* _What the task requires_
Below are records; copy every line in them that holds the word "definition".

* _The data_
lemma nclosedneg_antipodal_pairs:
  assumes "linear g" "\<And>P. P \<in> set ps \<Longrightarrow> antipodal_pair P" "\<And>x. x \<in># sum_list ps \<Longrightarrow> g x \<noteq> 0"
  shows "nclosedneg g (sum_list ps) = length ps"
  using assms(2,3)
proof (induction ps)
  case (Cons P ps)
  have "nclosedneg g P = 1"
    by (rule nclosedneg_antipodal_pair[OF assms(1)]) (use Cons.prems in auto)
  moreover have "nclosedneg g (sum_list ps) = length ps"
    by (rule Cons.IH) (use Cons.prems in auto)
  ultimately show ?case by simp
qed (simp add: nclosedneg_def)

lemma codeg_star_antipodal_pair:
  assumes "antipodal_pair P"
  shows "codeg_star P = 1"
proof -
  obtain p c where P: "p \<noteq> 0" "c < 0" "P = {#p, c *\<^sub>R p#}" using assms antipodal_pair_def by blast
  have "codeg_star P \<le> nclosedneg (\<lambda>x. p \<bullet> x) P"
    by (rule codeg_star_le[OF inner_mem_nonzero_functionals[OF P(1)]])
  also have "\<dots> = 1"
    by (rule nclosedneg_antipodal_pair[OF linear_inner_right assms]) (use P in auto)
  finally have "codeg_star P \<le> 1" .
  moreover obtain f where f: "f \<in> nonzero_functionals" "codeg_star P = nclosedneg f P"
    using codeg_star_attained by blast
  moreover have "linear f" using f(1) by (simp add: nonzero_functionals_def)
  then have "f (c *\<^sub>R p) = c * f p" using linear_cmul[of f] by simp
  then have "nclosedneg f P \<ge> 1" using P(2,3) by (auto simp: nclosedneg_def mult_le_0_iff)
  ultimately show ?thesis by simp
qed

lemma sum_list_codeg_star_antipodal_pairs:
  "(\<And>P. P \<in> set ps \<Longrightarrow> antipodal_pair P) \<Longrightarrow> sum_list (map codeg_star ps) = length ps"
  by (induction ps) (auto simp: codeg_star_antipodal_pair)

lemma codeg_star_add_antipodal_pairs_ge:
  assumes "\<And>P. P \<in> set ps \<Longrightarrow> antipodal_pair P"
  shows "codeg_star R + length ps \<le> codeg_star (R + sum_list ps)"
  using assms
proof (induction ps)
  case (Cons P ps)
  have "codeg_star P = 1" using Cons.prems by (simp add: codeg_star_antipodal_pair)
  moreover have "codeg_star R + length ps \<le> codeg_star (R + sum_list ps)"
    using Cons.prems by (intro Cons.IH) simp
  ultimately have "codeg_star R + length (P # ps) \<le> codeg_star (R + sum_list ps) + codeg_star P"
    by simp
  also have "\<dots> \<le> codeg_star (R + sum_list ps + P)"
    by (rule codeg_star_superadditive)
  also have "R + sum_list ps + P = R + sum_list (P # ps)"
    by (simp add: add_ac)
  finally show ?case .
qed simp

text \<open>A generic refinement of a hyperplane attaining codeg* of R puts exactly one vector of
  each antipodal pair on its closed negative side.\<close>
lemma codeg_star_add_antipodal_pairs_le:
  fixes R :: "'n::finite vconf"
  assumes "\<And>P. P \<in> set ps \<Longrightarrow> antipodal_pair P" "0 \<notin># R" "R + sum_list ps \<noteq> {#}"
  shows "codeg_star (R + sum_list ps) \<le> codeg_star R + length ps"
proof -
  define V where "V = R + sum_list ps"
  have "0 \<notin># sum_list ps" by (rule zero_not_in_antipodal_pairs[OF assms(1)])
  with assms(2) have V0: "0 \<notin># V" by (simp add: V_def)
  obtain f where f: "f \<in> nonzero_functionals" "codeg_star R = nclosedneg f R"
    using codeg_star_attained by blast
  then have "linear f" by (simp add: nonzero_functionals_def)
  then obtain g :: "real^'n \<Rightarrow> real" where g: "linear g" "\<And>x. x \<in># V \<Longrightarrow> g x \<noteq> 0"
      "\<And>x. x \<in># V \<Longrightarrow> f x > 0 \<Longrightarrow> g x > 0"
    using generic_refinement[OF _ V0] by metis
  obtain x0 where "x0 \<in># V" using assms(3) unfolding V_def by (meson multiset_nonemptyE)
  then have "g \<in> nonzero_functionals" using mem_nonzero_functionalsI g(1,2) by blast
  then have "codeg_star V \<le> nclosedneg g R + nclosedneg g (sum_list ps)"
    using codeg_star_le[of g V] by (simp add: V_def)
  moreover have "nclosedneg g R \<le> nclosedneg f R"
  proof -
    have "f x \<le> 0" if "x \<in># R" "g x \<le> 0" for x
      using g(3)[of x] that by (fastforce simp: V_def)
    then show ?thesis
      unfolding nclosedneg_def by (intro size_mset_mono filter_mset_mono_strong) auto
  qed
  moreover have "nclosedneg g (sum_list ps) = length ps"
    by (rule nclosedneg_antipodal_pairs[OF g(1) assms(1)]) (use g(2) in \<open>auto simp: V_def\<close>)
  ultimately show ?thesis using f(2) by (simp add: V_def)
qed

lemma codeg_star_add_antipodal_pairs:
  fixes R :: "'n::finite vconf"
  assumes "\<And>P. P \<in> set ps \<Longrightarrow> antipodal_pair P" "0 \<notin># R"
  shows "codeg_star (R + sum_list ps) = codeg_star R + length ps"
proof (cases "R + sum_list ps = {#}")
  case True
  have "ps = []"
  proof (cases ps)
    case (Cons P ps')
    then have "antipodal_pair P" using assms(1) by simp
    with True Cons show ?thesis by (auto simp: antipodal_pair_def)
  qed
  with True show ?thesis by simp
next
  case False
  with assms show ?thesis
    using codeg_star_add_antipodal_pairs_ge codeg_star_add_antipodal_pairs_le by (metis antisym)
qed

lemma vrank_add_antipodal_pair:
  assumes "antipodal_pair P"
  shows "vrank (A + P) \<le> vrank A + 1"
proof -
  obtain p c where P: "P = {#p, c *\<^sub>R p#}" using assms antipodal_pair_def by blast
  have "c *\<^sub>R p \<in> span (insert p (set_mset A))" by (intro span_scale span_base) simp
  moreover have "set_mset (A + P) = insert (c *\<^sub>R p) (insert p (set_mset A))" by (auto simp: P)
  ultimately have "span (set_mset (A + P)) = span (insert p (set_mset A))"
    using span_redundant by simp
  then have "vrank (A + P) = dim (insert p (set_mset A))"
    unfolding vrank_def by (metis dim_span)
  then show ?thesis by (simp add: vrank_def dim_insert)
qed

lemma vrank_add_antipodal_pairs:
  "(\<And>P. P \<in> set ps \<Longrightarrow> antipodal_pair P) \<Longrightarrow> vrank (R + sum_list ps) \<le> vrank R + length ps"
proof (induction ps)
  case (Cons P ps)
  then have "vrank ((R + sum_list ps) + P) \<le> vrank R + length ps + 1"
    using vrank_add_antipodal_pair[of P "R + sum_list ps"] by fastforce
  then show ?case by (simp add: algebra_simps)
qed simp

lemma card_set_mset_le_size: "card (set_mset M) \<le> size M"
  by (induction M) (auto simp: card_insert_if)

lemma vrank_le_size: "vrank R \<le> size R"
proof -
  have "dim (set_mset R) \<le> card (set_mset R)" by (rule dim_le_card) (auto intro: span_base)
  then show ?thesis unfolding vrank_def using card_set_mset_le_size[of R] by simp
qed

lemma size_le_DD_if_codeg_star_eq_0:
  assumes "codeg_star R = 0"
  shows "int (size R) \<le> DD R"
proof -
  obtain f where f: "f \<in> nonzero_functionals" "nclosedneg f R = 0"
    using codeg_star_attained assms by metis
  then have "f x > 0" if "x \<in># R" for x
    using that by (auto simp: nclosedneg_def filter_mset_eq_mempty_iff)
  then have "sign_sum f R = int (size R)" by (rule sign_sum_all_pos)
  moreover have "linear f" using f(1) by (simp add: nonzero_functionals_def)
  ultimately show ?thesis using sign_sum_le_DD by metis
qed

theorem codeg_star_decomposition:
  fixes V :: "'n::finite vconf"
  assumes "0 \<notin># V" "DD V > 0"
  obtains V0 Vs where "codeg_star_decomp V V0 Vs" "int (length Vs) \<ge> int (vrank V) + 1 - 2 * DD V"
proof -
  obtain R ps where R: "V = R + sum_list ps" "\<And>P. P \<in> set ps \<Longrightarrow> antipodal_pair P" "antipodal_free R"
    using antipodal_decomposition[OF assms(1)] by blast
  have R0: "0 \<notin># R" using assms(1) R(1) by simp
  have DD_R: "DD V = DD R"
    unfolding R(1) by (rule DD_cong) (simp add: sign_sum_antipodal_pairs[OF _ R(2)])
  have rank: "vrank V \<le> vrank R + length ps"
    unfolding R(1) by (rule vrank_add_antipodal_pairs[OF R(2)])
  have codeg: "codeg_star V = codeg_star R + length ps"
    unfolding R(1) by (rule codeg_star_add_antipodal_pairs[OF R(2) R0])
  have pairs: "sum_list (map codeg_star ps) = length ps" "\<forall>P\<in>set ps. codeg_star P \<ge> 1"
    using sum_list_codeg_star_antipodal_pairs[OF R(2)] codeg_star_antipodal_pair[OF R(2)] by auto
  have rank_R: "int (vrank R) \<le> 2 * DD R" by (rule vrank_le_2_DD[OF R0 R(3)])
  show ?thesis
  proof (cases "codeg_star R = 0")
    case False
    then have "codeg_star_decomp V {#} (R # ps)"
      using R(1) codeg pairs by (simp add: codeg_star_decomp_def)
    with that show ?thesis using rank rank_R DD_R by simp
  next
    case True
    then have "codeg_star_decomp V R ps"
      using R(1) codeg pairs by (simp add: codeg_star_decomp_def)
    moreover have "int (vrank R) + 1 \<le> 2 * DD R"
      using size_le_DD_if_codeg_star_eq_0[OF True] vrank_le_size[of R] assms(2) DD_R by linarith
    ultimately show ?thesis using that rank DD_R by simp
  qed
qed

theorem mainTheorem1:
  fixes V :: "(real^'n::finite) multiset"
  assumes "0 \<notin># V"
    and "DD V > 0"
  shows "(let r = int (vrank V); \<delta> = deg_star V; d = int (size V) - r - 1 in
           r + 1 - 2 * DD V = 2 * (d + 1 - 2 * \<delta>) - r + 1 \<and>
           2 * (d + 1 - 2 * \<delta>) - r + 1 = 3 * d + 4 - 4 * \<delta> - int (size V) \<and>
           (\<exists>V0 Vs. codeg_star_decomp V V0 Vs \<and> int (length Vs) \<ge> r + 1 - 2 * DD V))"
proof -
  have "V \<noteq> {#}" using assms(2) by auto
  then have "DD V = 2 * int (max_npos V) - int (size V)"
    by (rule DD_eq_max_npos[OF assms(1)])
  moreover obtain V0 Vs where "codeg_star_decomp V V0 Vs" "int (length Vs) \<ge> int (vrank V) + 1 - 2 * DD V"
    using codeg_star_decomposition[OF assms] .
  ultimately show ?thesis by (auto simp: Let_def deg_star_eq algebra_simps)
qed

end
(* In the standing setting, if a robust $\boldsymbol b$-flow exists, then there exists an optimal robust $\boldsymbol b$-flow $\boldsymbol f=(f^1,f^2)$ with $c(\boldsymbol f)=\max\{c(f^1),c(f^2)\}=c(f^2)$.
   Context: A RobMCF instance $(G,u,c,\boldsymbol b)$ consists of a finite directed graph (parallel arcs allowed) $G=(V,A)$ whose arc set is partitioned as $A=A^{\mathrm{fix}}\cup A^{\mathrm{free}}$ into fixed and free arcs, capacities $u:A\to\mathbb Z_{\ge0}$, costs $c:A\to\mathbb Z_{\ge0}$, a finite nonempty set of scenarios $\Lambda$, and balances $b^\lambda:V\to\mathbb Z$ with $\sum_{v}b^\lambda(v)=0$. A $b^\lambda$-flow is a function $f^\lambda:A\to\mathbb Z_{\ge0}$ with $f^\lambda(a)\le u(a)$ for all $a$ and $\sum_{a=(v,w)\in A}f^\lambda(a)-\sum_{a=(w,v)\in A}f^\lambda(a)=b^\lambda(v)$ for all $v\in V$; its cost is $c(f^\lambda)=\sum_a c(a)f^\lambda(a)$. A robust $\boldsymbol b$-flow is a tuple $(f^\lambda)_{\lambda\in\Lambda}$ of $b^\lambda$-flows with $f^\lambda(a)=f^{\lambda'}(a)$ for all $a\in A^{\mathrm{fix}}$, $\lambda,\lambda'\in\Lambda$; its cost is $\max_\lambda c(f^\lambda)$; it is optimal if of minimum cost. Series-parallel (SP) digraphs are defined recursively: a single arc $(o,q)$ is an SP digraph with origin $o$ and target $q$; if $G_1$ (origin $o_1$, target $q_1$) and $G_2$ (origin $o_2$, target $q_2$) are SP digraphs, then their series composition (identify $q_1$ with $o_2$; origin $o_1$, target $q_2$) and their parallel composition (identify $o_1$ with $o_2$ to form the origin and $q_1$ with $q_2$ to form the target) are SP digraphs. Standing setting: $G$ is an SP digraph with origin $o$ and target $q$, $\Lambda=\{1,2\}$, and there are integers $0\le d^1\le d^2$ with $b^\lambda(o)=d^\lambda$, $b^\lambda(q)=-d^\lambda$ and $b^\lambda(v)=0$ for all other $v$ (unique source $o$, unique sink $q$). *)

theory Defs
  imports Main
begin

text \<open>A digraph is given by a set of arcs A of type 'e together with tail and head maps
  (so parallel arcs are allowed).  Its vertex set is the set of endpoints of arcs.\<close>

definition verts :: "('e \<Rightarrow> 'v) \<Rightarrow> ('e \<Rightarrow> 'v) \<Rightarrow> 'e set \<Rightarrow> 'v set" where
  "verts tailf headf A = tailf ` A \<union> headf ` A"

inductive sp_digraph :: "('e \<Rightarrow> 'v) \<Rightarrow> ('e \<Rightarrow> 'v) \<Rightarrow> 'e set \<Rightarrow> 'v \<Rightarrow> 'v \<Rightarrow> bool"
  for tailf headf where
  arc: "o' \<noteq> q \<Longrightarrow> tailf e = o' \<Longrightarrow> headf e = q \<Longrightarrow> sp_digraph tailf headf {e} o' q"
| series: "sp_digraph tailf headf A1 o' m \<Longrightarrow> sp_digraph tailf headf A2 m q \<Longrightarrow> A1 \<inter> A2 = {}
    \<Longrightarrow> verts tailf headf A1 \<inter> verts tailf headf A2 = {m} \<Longrightarrow> sp_digraph tailf headf (A1 \<union> A2) o' q"
| parallel: "sp_digraph tailf headf A1 o' q \<Longrightarrow> sp_digraph tailf headf A2 o' q \<Longrightarrow> A1 \<inter> A2 = {}
    \<Longrightarrow> verts tailf headf A1 \<inter> verts tailf headf A2 = {o', q} \<Longrightarrow> sp_digraph tailf headf (A1 \<union> A2) o' q"

definition st_balance :: "'v \<Rightarrow> 'v \<Rightarrow> nat \<Rightarrow> 'v \<Rightarrow> int" where
  "st_balance o' q d v = (if v = o' then int d else if v = q then - int d else 0)"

* _Completed task_
definition verts :: "('e \<Rightarrow> 'v) \<Rightarrow> ('e \<Rightarrow> 'v) \<Rightarrow> 'e set \<Rightarrow> 'v set" where
definition st_balance :: "'v \<Rightarrow> 'v \<Rightarrow> nat \<Rightarrow> 'v \<Rightarrow> int" where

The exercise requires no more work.